Speaker: Lynda K. Harris, PhD, Associate Professor, Department of Obstetrics and Gynecology, University of Nebraska College of Medicine

Date: Dec. 6, 2023, 4:00-5:00 p.m.

Location: Roy Blunt NextGen Precision Health Building, Atkins Family Seminar Room

In-person and virtual option

  • Light snack will be provided in person. All are welcome!
  • Attend virtually in Zoom with ID 969 5309 4849 and passcode 422673. 


About the Speaker

Rafael Fissore, PhDIn pregnancy, the placenta is the key regulator of normal fetal growth and development.  In the Western world, placental dysfunction is a major underlying cause of the pregnancy complications pre-eclampsia, fetal growth restriction and stillbirth. The term “placental dysfunction” is used to describe a range of anatomical, physiological, metabolic and endocrine alterations, which can occur in isolation, or in combination. Thus, to develop effective medicines to treat placental dysfunction, we need to identify a range of different compounds to treat the different phenotypes of placental dysfunction observed. For example, some placentas do not grow adequately, and have a small surface area for nutrient exchange. Others may be of an appropriate size, but their blood vessels may not function correctly, resulting in abnormal delivery of blood (and therefore nutrients and oxygen) to the developing baby. Others may show signs of immune cell infiltration, inflammation or oxidative damage, which can affect normal cell signaling pathways, cell metabolism and production of key hormones, growth factors and cytokines. Ongoing studies are working to identify drug compounds that are can be used to treat these different aspects of placental dysfunction, but that are also safe for use in pregnancy.   
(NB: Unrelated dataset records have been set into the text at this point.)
(* Let $S_N$ denote the $N$-th large Schröder number and $C_N=\frac{1}{N+1}\binom{2N}{N}$ the $N$-th Catalan number. For every non-negative integer $n$, $$v_3(S_{2n+1})=v_3(C_n),\qquad v_3(S_{2n+2})=1+v_3(2n+1)+v_3(C_n).$$
   Context: The large Schröder number $S_N$ is the number of lattice paths from $(0,0)$ to $(N,N)$ using steps $(1,0)$, $(0,1)$, $(1,1)$ that never go above the diagonal $y=x$ (so $S_0=1,S_1=2,S_2=6,\dots$). $v_3(y)$ denotes the $3$-adic valuation of a nonzero integer $y$. *)

theory Defs
  imports "HOL-Computational_Algebra.Computational_Algebra"
begin

datatype step = E | N | D

fun step_vec :: "step \<Rightarrow> int \<times> int" where
  "step_vec E = (1, 0)"
| "step_vec N = (0, 1)"
| "step_vec D = (1, 1)"

definition endpoint :: "step list \<Rightarrow> int \<times> int" where
  "endpoint ps = (sum_list (map (fst \<circ> step_vec) ps), sum_list (map (snd \<circ> step_vec) ps))"

definition schroeder_paths :: "nat \<Rightarrow> step list set" where
  "schroeder_paths n = {ps. endpoint ps = (int n, int n) \<and>
      (\<forall>k \<le> length ps. snd (endpoint (take k ps)) \<le> fst (endpoint (take k ps)))}"

definition schroeder :: "nat \<Rightarrow> nat" where
  "schroeder n = card (schroeder_paths n)"

definition catalan :: "nat \<Rightarrow> nat" where
  "catalan n = (2 * n choose n) div (n + 1)"

definition v3 :: "nat \<Rightarrow> nat" where
  "v3 y = multiplicity (3::nat) y"

end

theory Submission
  imports Defs
begin

text \<open>
  Cutting a Schroeder path at its first return to the diagonal gives
  \<open>S (n+1) = S n + (\<Sum>b\<le>n. S b * S (n-b))\<close>, i.e. \<open>F = 1 + x F + x F\<^sup>2\<close>
  for the generating function. Completing the square,
  \<open>(1 - x - 2 x F)\<^sup>2 = 1 - 6 x + x\<^sup>2 = (1 - 3 x)\<^sup>2 (1 - 8 u\<^sup>2)\<close> with
  \<open>u = x / (1 - 3 x)\<close>, and the binomial series of the square root, whose
  coefficients are Catalan numbers, yields
  \<open>S (m+1) = (\<Sum>i\<le>m. 2^(i+1) C i (m choose 2i) 3^(m-2i))\<close>.

  For \<open>m = 2n + r\<close> with \<open>r \<in> {0,1}\<close> the term \<open>i = n\<close> has valuation
  \<open>v\<^sub>3 (C n) + r (1 + v\<^sub>3 (2n+1))\<close>, and every other term has a strictly
  larger one. Indeed, with \<open>j = n - i\<close>, the identity
  \<open>(2n choose 2i) C i (2j choose j) = C n (n choose i) (n+1 choose i+1)\<close>
  shows that the term is at least as divisible as \<open>C n\<close> up to the factor
  \<open>(2j choose j)\<close>, whose valuation stays below the exponent \<open>2j\<close> of 3 in
  the term since \<open>(2j+1) (2j choose j) < 9^j\<close>.
\<close>

section \<open>Schroeder paths and the first-return recurrence\<close>

fun step_height :: "step \<Rightarrow> int" where
  "step_height E = 1"
| "step_height N = -1"
| "step_height D = 0"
A major reason for the lack of medicines available to treat pregnancy complications is because of the potential risk of causing harm to the developing baby. As most medicines can cross the placenta and reach the fetal circulation, the pharmaceutical industry often exclude pregnant individuals from clinical trials, for fear of drugs causing developmental abnormalities, deformities, or other side effects in the fetus. Because of this, we lack important safety data for many medicines in pregnancy, and no specific medicines exist to treat pregnancy complications or placental dysfunction. This leaves medical professionals reliant on patient monitoring, treating symptoms e.g. high blood pressure, and early delivery of the baby if its condition deteriorates. To address this issue, my laboratory has identified a series of placental homing peptides, which selectively bind to the surface of the placenta in mice, non-human primates and humans, but do not accumulate in any other organs. We have used these peptides to develop biocompatible, targeted nanoparticles to selectively deliver drugs to the placenta, preventing fetal drug transfer and reducing drug effects in the maternal circulation. Ongoing studies are optimizing nanoparticle design, quantifying the benefits of targeted drug delivery versus systemic drug delivery, and collecting important safety data.
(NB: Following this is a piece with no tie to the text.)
(* Let $\mathcal C$ be a category and $S\colon\mathcal C\to\mathcal C$ an auto-equivalence. Then: (1) $S'$ is an automorphism of the category $\mathcal C_{/S}\#\mathbb Z$; (2) $H\colon\mathcal C\to\mathcal C_{/S}\#\mathbb Z$ is an equivalence; (3) $S'H\cong HS$ (natural isomorphism).
   Context: $\Bbbk$ is a commutative ring; all categories and functors are $\Bbbk$-linear. The colimit orbit category $\mathcal C_{/S}$ is the $\mathbb Z$-graded category with the objects of $\mathcal C$ and $\mathcal C_{/S}(X,Y)=\bigoplus_{r\in\mathbb Z}\mathcal C^r_{/S}(X,Y)$, where $\mathcal C^r_{/S}(X,Y):=\varinjlim_{m\ge r}\mathcal C(S^{m-r}X,S^mY)$, the transition maps $\mathcal C(S^{m-r}X,S^mY)\to\mathcal C(S^{m+1-r}X,S^{m+1}Y)$ being given by $S$; composition of $[g]\in\mathcal C^b_{/S}(Y,Z)$ represented by $g\colon S^{m-b}Y\to S^mZ$ and $[f]\in\mathcal C^a_{/S}(X,Y)$ represented by $f\colon S^{m-b-a}X\to S^{m-b}Y$ is $[gf]\in\mathcal C^{a+b}_{/S}(X,Z)$, extended bilinearly. For a $\mathbb Z$-graded category $\mathcal B$, $\mathcal B\#\mathbb Z$ has objects $X^{(i)}$ ($X\in\mathcal B$, $i\in\mathbb Z$), $(\mathcal B\#\mathbb Z)(X^{(i)},Y^{(j)})=\mathcal B^{i-j}(X,Y)$, composition from $\mathcal B$. $S'\colon\mathcal C_{/S}\#\mathbb Z\to\mathcal C_{/S}\#\mathbb Z$ is $S'X^{(i)}=X^{(i-1)}$ and the identity map $\mathcal C^{i-j}_{/S}(X,Y)\to\mathcal C^{i-j}_{/S}(X,Y)$ on morphisms. $H\colon\mathcal C\to\mathcal C_{/S}\#\mathbb Z$ is $HX=X^{(0)}$, $Hf=[f]\in\varinjlim_{m\ge0}\mathcal C(S^mX,S^mY)$. *)

theory Defs
  imports Main
begin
MicroRNAs (miRNAs) are short, non-coding RNA sequences that regulate multiple downstream signaling pathways. Placental growth and function are regulated by a variety of miRNAs, both in healthy pregnancy and in fetal growth restriction (FGR). We have used our novel placental homing peptides to create homing peptide-miRNA inhibitor conjugates, and demonstrated their ability to promote growth signaling in human placental explants and in a mouse model of FGR. These conjugates are made from synthetic peptide nucleic acids, which cannot be degraded in the human body and are therefore inherently stable. The addition of a placental homing peptide ensures that the conjugates are selectively delivered to the placental surface, where they spontaneously internalize into placental cells, overcoming previous problems associated with transfection of DNA or RNA-based gene therapies. Our current work aims to identify miRNAs which regulate key aspects of placental function and can be exploited as therapeutic targets. Homing peptide-miRNA mimetics or inhibitors can then be created to manipulate these miRNAs, improving placental function by targeted manipulation of placental gene expression. This work addresses the urgent need for safe and effective small molecule interventions to treat placental dysfunction and FGR.